American computer graphics researcher (1947–2025)

Loren Clayton Carpenter (February 7, 1947 – December 21, 2025) was an American computer graphics researcher and developer.

== Life and career ==
Carpenter was born in Brighton, Michigan, on February 7, 1947.

He was a founding employee and chief scientist at Pixar Animation Studios. Carpenter was the co-inventor of the Reyes rendering algorithm and one of the authors of the PhotoRealistic RenderMan software which implements Reyes and renders all of Pixar's movies. He is credited with inventing the name. Following Disney's acquisition of Pixar, Carpenter became a senior research scientist at Disney Research. He retired in early 2014.

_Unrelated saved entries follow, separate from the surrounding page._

(* For every $n\ge3$, there is no oriented Cayley graph for the symmetric group $S_n$, and none for the alternating group $A_n$, on which the continuous quantum walk admits uniform mixing at any time.
   Context: An oriented Cayley graph $X(G,C)$ for a finite group $G$ has $1\notin C$, $C\cap C^{-1}=\emptyset$, and skew-symmetric adjacency matrix $A=\sum_{g\in C}(A_g-A_g^T)$, where $A_g$ is the permutation matrix with $(A_g)_{a,b}=1$ iff $ba^{-1}=g$. The walk has transition matrix $U(t)=\exp(-tA)$, and uniform mixing at time $t$ means all entries of $U(t)$ have the same modulus. *)

theory Defs
  imports Complex_Main "HOL-Algebra.Sym_Groups"
begin

definition oriented_cayley :: "('a, 'b) monoid_scheme \<Rightarrow> 'a set \<Rightarrow> bool" where
  "oriented_cayley G C \<longleftrightarrow> C \<subseteq> carrier G \<and> \<one>\<^bsub>G\<^esub> \<notin> C \<and>
     (\<forall>g\<in>C. inv\<^bsub>G\<^esub> g \<notin> C)"

definition perm_mat :: "('a, 'b) monoid_scheme \<Rightarrow> 'a \<Rightarrow> 'a \<Rightarrow> 'a \<Rightarrow> real" where
  "perm_mat G g a b = (if b \<otimes>\<^bsub>G\<^esub> inv\<^bsub>G\<^esub> a = g then 1 else 0)"

definition cayley_adj :: "('a, 'b) monoid_scheme \<Rightarrow> 'a set \<Rightarrow> 'a \<Rightarrow> 'a \<Rightarrow> real" where
  "cayley_adj G C a b = (\<Sum>g\<in>C. perm_mat G g a b - perm_mat G g b a)"

fun mat_pow :: "'a set \<Rightarrow> ('a \<Rightarrow> 'a \<Rightarrow> real) \<Rightarrow> nat \<Rightarrow> 'a \<Rightarrow> 'a \<Rightarrow> real" where
  "mat_pow S M 0 a b = (if a = b then 1 else 0)"
| "mat_pow S M (Suc k) a b = (\<Sum>c\<in>S. M a c * mat_pow S M k c b)"

definition mat_exp :: "'a set \<Rightarrow> ('a \<Rightarrow> 'a \<Rightarrow> real) \<Rightarrow> 'a \<Rightarrow> 'a \<Rightarrow> real" where
  "mat_exp S M a b = (\<Sum>k. mat_pow S M k a b / fact k)"

definition transition :: "('a, 'b) monoid_scheme \<Rightarrow> 'a set \<Rightarrow> real \<Rightarrow> 'a \<Rightarrow> 'a \<Rightarrow> real" where
  "transition G C t = mat_exp (carrier G) (\<lambda>a b. - t * cayley_adj G C a b)"

definition uniform_mixing :: "('a, 'b) monoid_scheme \<Rightarrow> 'a set \<Rightarrow> real \<Rightarrow> bool" where
  "uniform_mixing G C t \<longleftrightarrow>
     (\<forall>a\<in>carrier G. \<forall>b\<in>carrier G. \<forall>c\<in>carrier G. \<forall>d\<in>carrier G.
        \<bar>transition G C t a b\<bar> = \<bar>transition G C t c d\<bar>)"

end

theory Submission
  imports Defs "HOL-Computational_Algebra.Primes" "HOL-Library.Discrete_Functions"
begin

(* U(t) = exp(-tA) with A skew-symmetric and with zero row sums, so U(t) is a real orthogonal
   matrix whose rows sum to 1.  If all N entries of a row have modulus d, then N d^2 = 1 and
   (P - Q) d = 1, where P and Q count the nonnegative and negative entries; hence N = (P - Q)^2.
   But neither |S_n| = n! nor |A_n| = n!/2 is a square for n >= 3: by Bertrand's postulate some
   odd prime p satisfies n/2 < p <= n, and it divides n! exactly once. *)

section \<open>Exponentials of skew-symmetric matrices\<close>

lemma abs_mat_pow_le:
  assumes "\<And>x y. \<bar>X x y\<bar> \<le> M"
  shows "\<bar>mat_pow S X k a b\<bar> \<le> (real (card S) * M) ^ k"
proof (induction k arbitrary: a b)
  case 0
  then show ?case by simp
next
  case (Suc k)
  have M: "0 \<le> M" using assms order_trans[OF abs_ge_zero] by blast
  have "\<bar>mat_pow S X (Suc k) a b\<bar> \<le> (\<Sum>c\<in>S. \<bar>X a c\<bar> * \<bar>mat_pow S X k c b\<bar>)"
    by (simp add: abs_mult sum_abs[THEN order_trans])
  also have "\<dots> \<le> (\<Sum>c\<in>S. M * (real (card S) * M) ^ k)"
    by (intro sum_mono mult_mono assms Suc.IH) (simp_all add: M)
  finally show ?case by simp
qed

lemma summable_abs_mat_pow_over_fact:
  assumes "\<And>x y. \<bar>X x y\<bar> \<le> M"
  shows "summable (\<lambda>k. \<bar>mat_pow S X k a b / fact k\<bar>)"
proof (rule summable_comparison_test'[OF summable_exp])
  fix k
  have "\<bar>mat_pow S X k a b\<bar> / fact k \<le> (real (card S) * M) ^ k / fact k"
    by (rule divide_right_mono[OF abs_mat_pow_le[OF assms]]) simp
  then show "norm \<bar>mat_pow S X k a b / fact k\<bar> \<le> inverse (fact k) * (real (card S) * M) ^ k"
    by (simp add: field_simps)
qed

lemma summable_mat_pow_over_fact:
  assumes "\<And>x y. \<bar>X x y\<bar> \<le> M"
  shows "summable (\<lambda>k. mat_pow S X k a b / fact k)"
  using summable_abs_mat_pow_over_fact[of X M S a b, OF assms] by (rule summable_rabs_cancel)

lemma mat_pow_add:
  assumes "finite S" "a \<in> S"
  shows "(\<Sum>c\<in>S. mat_pow S X i a c * mat_pow S X j c b) = mat_pow S X (i + j) a b"
  using assms(2)
proof (induction i arbitrary: a)
  case 0
  then show ?case using assms(1) by (simp add: of_bool_def[symmetric])
next
  case (Suc i)
  have "(\<Sum>c\<in>S. mat_pow S X (Suc i) a c * mat_pow S X j c b)
      = (\<Sum>d\<in>S. X a d * (\<Sum>c\<in>S. mat_pow S X i d c * mat_pow S X j c b))"
    by (simp add: sum_distrib_left sum_distrib_right mult.assoc) (rule sum.swap)
  also have "\<dots> = (\<Sum>d\<in>S. X a d * mat_pow S X (i + j) d b)"
    by (intro sum.cong) (simp_all add: Suc.IH)
  finally show ?case by simp
qed

lemma mat_pow_Suc_right:
  assumes "finite S" "a \<in> S" "b \<in> S"
  shows "mat_pow S X (Suc k) a b = (\<Sum>c\<in>S. mat_pow S X k a c * X c b)"
proof -
  have "mat_pow S X (k + 1) a b = (\<Sum>c\<in>S. mat_pow S X k a c * mat_pow S X 1 c b)"
    by (rule mat_pow_add[symmetric, OF assms(1,2)])
  also have "\<dots> = (\<Sum>c\<in>S. mat_pow S X k a c * X c b)"
    using assms by (intro sum.cong) (simp_all add: of_bool_def[symmetric])
  finally show ?thesis by simp
qed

In around 1967 Carpenter began work at Boeing Computer Services (a part of aircraft maker Boeing) in Seattle, Washington. During his time there Carpenter studied for a B.S. in mathematics (1974) and an M.S. in Computer Science (1976), both from the University of Washington. Some of his work concerned using computer technology to improve Boeing's mechanical design processes, which were still entirely done by hand on paper.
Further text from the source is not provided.